Auto VPN is a proprietary technology developed by Meraki that allows you to quickly and easily build VPN tunnels between Meraki MX devices at your separate network branches with just a few clicks. Auto VPN performs the work normally required for manual VPN configurations with a simple cloud based process. This article outlines how the Auto VPN mechanisms work and how Meraki manages the cloud processes for Auto VPN.
- VPN Registry: This is the main server mechanism that allows Auto VPN to happen. It is a cloud service that is used to keep track of the contact information for all the MX devices participating in Auto VPN for an organization.
- Hub: Hubs are devices in a VPN topology that service connectivity from a remote peer site (such as a spoke) to the hub and the hub to the remote peer site. Hubs also act as a gateway for remote peer sites to communicate with each other via the hub.

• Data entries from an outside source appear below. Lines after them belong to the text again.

theorem b_chromatic_eq: "b_chromatic V E = d + 1"
proof -
  have max_degree: "\<forall>v\<in>V. card (neighbors V E v) \<le> d" using regular by (simp add: regular_def)
  obtain \<kappa> where \<kappa>: "bij_betw \<kappa> sphere1 {1..d}"
    using finite_same_card_bij[OF finite_sphere1] card_sphere1 by (metis card_atLeastAtMost diff_Suc_1 finite_atLeastAtMost)
  obtain \<sigma> where \<sigma>: "block_coloring \<kappa> sphere1 \<sigma>" using block_coloring_exists[OF \<kappa>] by blast
  have "ball2 V E x \<subseteq> V" by (auto simp: ball2_def)
  then obtain col where col: "\<forall>v\<in>ball2 V E x. col v = ball2_coloring \<kappa> \<sigma> v" "proper_coloring V E (d + 1) col"
    using proper_on_extend[OF simple max_degree proper_on_ball2_coloring[OF \<kappa> \<sigma>]] by blast
  show ?thesis
    unfolding b_chromatic_def
  proof (rule Greatest_equality)
    show "\<exists>c. b_coloring V E (d + 1) c" using b_coloring_extends_ball2_coloring[OF \<kappa> \<sigma> col] by blast
  qed (use b_coloring_le_max_degree[OF simple max_degree] in blast)
qed

end

theorem mainTheorem7:
  fixes V :: "'a set" and E :: "'a set set" and d :: nat
  assumes "simple_graph V E"
    and "d \<ge> 7"
    and "regular V E d"
    and "girth V E = 5"
    and "\<exists>x\<in>V. card {C \<in> cycles (ball2 V E x) (induced_edges E (ball2 V E x)) 6. x \<in> \<Union>C} \<le> 5"
  shows "b_chromatic V E = d + 1"
proof -
  obtain x where x: "x \<in> V"
    "card {C \<in> cycles (ball2 V E x) (induced_edges E (ball2 V E x)) 6. x \<in> \<Union>C} \<le> 5"
    using assms(5) by blast
  have "cycles V E 3 = {}" "cycles V E 4 = {}"
    using cycles_below_girth[of 3 V E] cycles_below_girth[of 4 V E] assms(4)
    by (simp_all add: numeral_eq_enat)
  then interpret girth5_centre V E d x
    using assms(1,3) x(1) by unfold_locales
  interpret few_hexagons V E d x
    using assms(2) x(2) by unfold_locales (simp_all add: hexagons_def)
  show ?thesis by (rule b_chromatic_eq)
qed

end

- Peer: This refers to another MX within the same organization that a local MX will form or has formed a VPN tunnel to.
- Contact: This is the public IP and the UDP port that the MX will communicate on for Auto VPN.
How Auto VPN Works
- MX1 and MX2 are part of the same organization. MX1 and MX2 are configured to participate in Auto VPN. Both MX1 and MX2 send a Register Request message to their VPN registry in order to share their own contact information, and to get the contact information of the peer MX(s) that it should form a VPN tunnel with. The Register Request message contains the IP address and the UDP port that the MX communicates on, and the MX requests the contact information of its peer MX(s).

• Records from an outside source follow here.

(* Let $n\in\mathbb N$ and let $A$ be a connected monounary algebra containing an $n$-element cycle. If $A\not\cong\underline n$ and $A^{(\infty)}=A$, then $\mathbf V(A)=\mathbf V(\widehat n)$.
   Context: A monounary algebra is a pair $(A,f)$ with $A$ a nonempty set and $f:A\to A$; direct products are coordinatewise. It is connected if for all $x,y$ there are $m,n\ge0$ with $f^m(x)=f^n(y)$; an $n$-element cycle is a set $\{x,f(x),\dots,f^{n-1}(x)\}$ of $n$ distinct elements with $f^n(x)=x$. A retract of $A$ is a nonempty subalgebra $M$ such that there is an endomorphism $h:A\to M$ with $h|_M=\mathrm{id}$. A retract variety is a class closed under isomorphisms, retracts and direct products; $\mathbf V(\mathcal K)$ is the smallest retract variety containing $\mathcal K$. $A^{(\infty)}$ is the set of $x\in A$ admitting a sequence $x_0=x,x_1,\dots$ in $A$ with $f(x_n)=x_{n-1}$ for all $n\ge1$. $\underline n=(\mathbb Z_n,k\mapsto k+1\bmod n)$; $\widehat n$ has universe $\mathbb Z_n\cup\{(k,1):k\in\mathbb N\}$ with $f(k)=k+1\bmod n$ on $\mathbb Z_n$, $f((k,1))=(k-1,1)$ for $k>1$, $f((1,1))=0$. *)

theory Defs
  imports "HOL-Library.FuncSet"
begin

text \<open>A monounary algebra is represented by a carrier set A and a map f
 (only its behaviour on A matters).\<close>

definition mono_alg :: "'a set \<Rightarrow> ('a \<Rightarrow> 'a) \<Rightarrow> bool" where
  "mono_alg A f \<longleftrightarrow> A \<noteq> {} \<and> f ` A \<subseteq> A"

definition mhom :: "'a set \<Rightarrow> ('a \<Rightarrow> 'a) \<Rightarrow> 'b set \<Rightarrow> ('b \<Rightarrow> 'b) \<Rightarrow> ('a \<Rightarrow> 'b) \<Rightarrow> bool" where
  "mhom A f B g h \<longleftrightarrow> h ` A \<subseteq> B \<and> (\<forall>x\<in>A. h (f x) = g (h x))"

definition misomorphic :: "'a set \<Rightarrow> ('a \<Rightarrow> 'a) \<Rightarrow> 'b set \<Rightarrow> ('b \<Rightarrow> 'b) \<Rightarrow> bool" where
  "misomorphic A f B g \<longleftrightarrow> (\<exists>h. mhom A f B g h \<and> bij_betw h A B)"

definition mconnected :: "'a set \<Rightarrow> ('a \<Rightarrow> 'a) \<Rightarrow> bool" where
  "mconnected A f \<longleftrightarrow> (\<forall>x\<in>A. \<forall>y\<in>A. \<exists>m k. (f ^^ m) x = (f ^^ k) y)"

definition has_cycle :: "'a set \<Rightarrow> ('a \<Rightarrow> 'a) \<Rightarrow> nat \<Rightarrow> bool" where
  "has_cycle A f n \<longleftrightarrow> (\<exists>x\<in>A. (f ^^ n) x = x \<and> card ((\<lambda>k. (f ^^ k) x) ` {..<n}) = n)"

definition mretract :: "'a set \<Rightarrow> ('a \<Rightarrow> 'a) \<Rightarrow> 'a set \<Rightarrow> bool" where
  "mretract A f M \<longleftrightarrow> M \<noteq> {} \<and> M \<subseteq> A \<and> f ` M \<subseteq> M \<and>
     (\<exists>h. mhom A f M f h \<and> (\<forall>x\<in>M. h x = x))"

definition inf_part :: "'a set \<Rightarrow> ('a \<Rightarrow> 'a) \<Rightarrow> 'a set" where
  "inf_part A f = {x\<in>A. \<exists>s::nat \<Rightarrow> 'a. s 0 = x \<and> (\<forall>k. s k \<in> A) \<and> (\<forall>k\<ge>1. f (s k) = s (k - 1))}"

definition pow_carrier :: "'i set \<Rightarrow> 'b set \<Rightarrow> ('i \<Rightarrow> 'b) set" where
  "pow_carrier I B = PiE I (\<lambda>_. B)"

definition pow_fun :: "'i set \<Rightarrow> ('b \<Rightarrow> 'b) \<Rightarrow> ('i \<Rightarrow> 'b) \<Rightarrow> ('i \<Rightarrow> 'b)" where
  "pow_fun I g x = (\<lambda>i\<in>I. g (x i))"

text \<open>The index set may be taken inside the type 'x => 'b
 (the hom-set Hom(X,B) suffices as index set).\<close>
definition in_rV :: "'x set \<Rightarrow> ('x \<Rightarrow> 'x) \<Rightarrow> 'b set \<Rightarrow> ('b \<Rightarrow> 'b) \<Rightarrow> bool" where
  "in_rV X fX B g \<longleftrightarrow> (\<exists>(I :: ('x \<Rightarrow> 'b) set) M.
      mretract (pow_carrier I B) (pow_fun I g) M \<and> misomorphic M (pow_fun I g) X fX)"

text \<open>V(A) = V(B) iff each generator lies in the other retract variety.\<close>
definition same_rV :: "'a set \<Rightarrow> ('a \<Rightarrow> 'a) \<Rightarrow> 'b set \<Rightarrow> ('b \<Rightarrow> 'b) \<Rightarrow> bool" where
  "same_rV A f B g \<longleftrightarrow> in_rV A f B g \<and> in_rV B g A f"

definition cyc_carrier :: "nat \<Rightarrow> nat set" where "cyc_carrier n = {..<n}"
definition cyc_fun :: "nat \<Rightarrow> nat \<Rightarrow> nat" where "cyc_fun n k = (Suc k) mod n"

text \<open>hat n: Inl k represents k in Z_n, Inr k (k >= 1) represents (k,1).\<close>
definition hat_carrier :: "nat \<Rightarrow> (nat + nat) set" where
  "hat_carrier n = Inl ` {..<n} \<union> Inr ` {1..}"
fun hat_fun :: "nat \<Rightarrow> nat + nat \<Rightarrow> nat + nat" where
  "hat_fun n (Inl k) = Inl (Suc k mod n)"
| "hat_fun n (Inr k) = (if k > 1 then Inr (k - 1) else Inl 0)"

end

theory Submission
  imports Defs "HOL-Number_Theory.Cong"
begin

text \<open>Both inclusions come from one retraction principle: if every element of X has an
  fX-preimage, X embeds into a power of B, and some homomorphism B \<rightarrow> X exists, then X is a
  retract of that power (points of the power whose orbit reaches X are pulled back along
  preimages, the others are sent through B \<rightarrow> X). A^(\<infinity>) = A provides the preimages in A.

  A embeds into a power of hat n: the phase map onto the n-cycle separates the points of the
  cycle, and for each w off the cycle there is a homomorphism A \<rightarrow> hat n sending exactly w to
  (1,1). Conversely, as A is not the bare cycle, some b off the cycle has f b on it; a backward
  orbit of b together with the cycle is a copy of hat n inside A. Homomorphisms in the other
  direction exist because hat n retracts onto its cycle and A maps onto its cycle by the phase.\<close>

section \<open>Retracts of direct powers\<close>

lemma mhom_comp: "mhom A f B g h \<Longrightarrow> mhom B g C k h' \<Longrightarrow> mhom A f C k (h' \<circ> h)"
  unfolding mhom_def by auto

- VPN registries send the Register Response messages to the MXs with the contact information of the peers the MXs should establish a tunnel with.
- Once the information is shared with the MX about its peers, a VPN tunnel is formed MX to MX. The Meraki cloud already knows the subnet information for each MX, and now the IP addresses to use for tunnel creation. The cloud pushes a key to the MXs in their configuration which is used to establish an AES encrypted IPsec-like tunnel. Local subnets specified by dashboard admins are exported/shared across VPN. During this process, VPN routes are pushed from the dashboard to the MXs. Finally, the dashboard will dynamically push VPN peer information (e.g., exported subnets, tunnel IP information) to each MX. Every MX stores this information in a separate routing table.
Ports used to contact the VPN registry:
- Source UDP port range 32768-61000
- Destination UDP port 9350 or UDP port 9351
Ports used for IPsec tunneling:
- Source UDP port range 32768-61000
- Destination UDP port range 32768-61000
The VPN connection can be monitored under Security & SD-WAN > Monitor > VPN Status page. The status of each MX is displayed, along with their exported subnets, latency, connectivity and routing decisions that are being made over the Auto VPN domain in near real-time.
Auto VPN vs Non-Meraki Site-to-Site VPN
- Auto VPN is a VPN connection between/among the MXs in different networks of the same Meraki dashboard organization.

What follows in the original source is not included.